Rönesansın hazırlayıcılarından Dante, Baccacio ve Petrarca ...üçlemesinin önemli bir adıdır Baccacio. Babasının Fransız bir kadından evlilik dışı çocuğu olarak 16 Haziran 1313 de Fransa'da doğdu. Daha 1340 yılında babası Bokaccio'yu Floransa'ya tüccar ya da hukukçu yapmak için çağırdı. Ne var ki genç Baccacio edebiyatla ilgilenmek istiyor, şiirler yazıyordu. Denemeler olumsuz sonlandı. Babası 1348 yılında vebadan öldü. Dekameron'u da o tarihte yazmaya başladı. Daha bir çok kitap yazmışsa da onlar Dekameron'un yanında silik kalmışlardır. Bazen parlak bazen sönük geçen hayatı boyunca birçok seyahatlar yaptı, pek çok yer tanıdı. Bokaccio 21 aralık 1375'te Celtaldaki köyünde öldü.

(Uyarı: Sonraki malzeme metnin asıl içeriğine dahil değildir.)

text \<open>Lift of a conformal embedding phi : B(b)/Z -> C/Z with phi(0)=0 and
  phi_*(1)=1: holomorphic F on B(b) with F(z+1)=F(z)+1, F 0 = 0, and injective
  modulo Z.\<close>
definition lift_conformal_embedding :: "real \<Rightarrow> (complex \<Rightarrow> complex) \<Rightarrow> bool" where
  "lift_conformal_embedding b F \<longleftrightarrow>
     F holomorphic_on band b \<and>
     (\<forall>z\<in>band b. F (z + 1) = F z + 1) \<and>
     F 0 = 0 \<and>
     (\<forall>z\<in>band b. \<forall>w\<in>band b. F z - F w \<in> \<int> \<longrightarrow> z - w \<in> \<int>)"

definition bdd_interval :: "real set \<Rightarrow> bool" where
  "bdd_interval I \<longleftrightarrow> is_interval I \<and> I \<noteq> {} \<and> bounded I"

definition straight_cyl :: "real set \<Rightarrow> complex set" where
  "straight_cyl I = {z. Im z \<in> I}"

definition cyl_modulus :: "real set \<Rightarrow> real" where
  "cyl_modulus I = Sup I - Inf I"

end

theory Submission
  imports Defs
begin

text \<open>Injectivity modulo \<open>\<int>\<close> together with Bloch's theorem bounds \<open>|F'|\<close> by 18 on \<open>B(b - 1)\<close>.
  Since \<open>F z - z\<close> is 1-periodic, \<open>h = F' - 1\<close> is periodic with zero mean on every horizontal unit
  segment. Integrating \<open>h\<close> against \<open>\<pi> cot (\<pi> (w - z))\<close> around a rectangle of width 1 and
  height \<open>2 (b - 1)\<close>, the vertical sides cancel, while on the horizontal sides the kernel differs
  from \<open>\<plusminus>\<pi>i\<close> by \<open>O(e\<^sup>-\<^sup>2\<^sup>\<pi>)\<close>; the residue \<open>h z\<close> is therefore bounded in modulus by
  \<open>38 e\<^sup>-\<^sup>2\<^sup>\<pi>/(1 - e\<^sup>-\<^sup>2\<^sup>\<pi>) \<le> 1/2\<close> on \<open>B(b - 2)\<close>. Two points of a cylinder of modulus 1 are,
  after an integer translation, at distance at most 2 with imaginary parts at most 1 apart, so \<open>Im F\<close> varies there by at most \<open>1 + 2/2 = 2\<close>.\<close>

lemma open_band: "open (band b)"
  unfolding band_def by (intro open_Collect_less continuous_intros)

lemma band_add_real_iff: "Im w = 0 \<Longrightarrow> z + w \<in> band b \<longleftrightarrow> z \<in> band b"
  by (simp add: band_def)

lemma ball_subset_band: "\<bar>Im z\<bar> \<le> b - r \<Longrightarrow> ball z r \<subseteq> band b"
proof
  fix w assume "\<bar>Im z\<bar> \<le> b - r" "w \<in> ball z r"
  moreover have "\<bar>Im w - Im z\<bar> \<le> dist z w"
    using abs_Im_le_cmod[of "w - z"] by (simp add: dist_norm norm_minus_commute)
  ultimately show "w \<in> band b" by (simp add: band_def)
qed

lemma equivariant_add_of_int:
  assumes per: "\<forall>z\<in>band b. F (z + 1) = F z + 1" and z: "z \<in> band b"
  shows "F (z + of_int n) = F z + of_int n"
proof (induction n rule: int_induct[where k = 0])
  case base then show ?case by simp
next
  case (step1 i)
  have "z + of_int i \<in> band b" using z by (simp add: band_add_real_iff)
  then have "F (z + of_int i + 1) = F (z + of_int i) + 1" using per by blast
  then show ?case using step1 by (simp add: algebra_simps)
next
  case (step2 i)
  have "z + of_int (i - 1) \<in> band b" using z by (simp add: band_add_real_iff)
  then have "F (z + of_int (i - 1) + 1) = F (z + of_int (i - 1)) + 1" using per by blast
  then show ?case using step2 by (simp add: algebra_simps)
qed

lemma lift_conformal_embedding_diff_Ints:
  assumes L: "lift_conformal_embedding b F" and z: "z \<in> band b" and w: "w \<in> band b"
    and diff: "F z - F w \<in> \<int>"
  shows "z - w = F z - F w"
proof -
  have "z - w \<in> \<int>" using L z w diff unfolding lift_conformal_embedding_def by blast
  then obtain n where n: "z = w + of_int n" by (metis Ints_cases add_diff_cancel_left' add_diff_eq)
  have "F (w + of_int n) = F w + of_int n"
    using L w unfolding lift_conformal_embedding_def by (intro equivariant_add_of_int) auto
  then show ?thesis using n by simp
qed

text \<open>Bloch's theorem puts a disc of radius 3/2 into the image of a unit disc; two of its points
  differ by 2, and injectivity modulo \<open>\<int>\<close> forces their preimages to differ by 2 as well.\<close>
lemma lift_conformal_embedding_norm_deriv_less:
  assumes L: "lift_conformal_embedding b F" and sub: "ball z 1 \<subseteq> band b"
  shows "norm (deriv F z) < 18"
proof (rule ccontr)
  assume "\<not> norm (deriv F z) < 18"
  moreover have "F holomorphic_on ball z 1"
    using L sub unfolding lift_conformal_embedding_def by (blast intro: holomorphic_on_subset)
  ultimately obtain c where c: "ball c (3/2) \<subseteq> F ` ball z 1"
    using Bloch[of F z 1 "3/2"] by auto
  have "c - 1 \<in> ball c (3/2)" "c + 1 \<in> ball c (3/2)" by (auto simp: dist_norm)
  then have "c - 1 \<in> F ` ball z 1" "c + 1 \<in> F ` ball z 1" using c by blast+
  then obtain u v where u: "u \<in> ball z 1" "F u = c - 1" and v: "v \<in> ball z 1" "F v = c + 1"
    by (metis imageE)
  have "v - u = F v - F u"
    using u v sub by (intro lift_conformal_embedding_diff_Ints[OF L]) auto
  then have "v - u = 2" using u v by simp
  moreover have "dist v u < 2"
    using u v dist_triangle_less_add[of v z 1 u 1] by (simp add: dist_commute)
  ultimately show False by (simp add: dist_norm)
qed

Çevirilere bakmayın, Dante İlahi Komedya'yı Latince, nazımla yazmıştır, yani bir uzun şiirdir aslında. Dekameron Öyküleri ise İtalyanca ilk düzyazı örneklerindendir, onlara dünyanın ilk öyküleri unvanı da verilir. Kuşkusuz bugünkü öykü çeşitlemesinden herhangi birine benzemez, dahası hikayelerin özeti gibidir. Bu yönüyle bakınca aslında bu öykülerin, Binbir Gece Masalları gibi halk arasında anlatılan anonim öyküler olduğu, Baccacio’nun onları derlediği, hoş görünen bir kurguyla sunduğu - ve yazı dili olan Latince’yle değil de halkın konuştuğu İtalyanca'yla yazdığı için de kısa sürede büyük ilgi gördüğü düşünülebilir.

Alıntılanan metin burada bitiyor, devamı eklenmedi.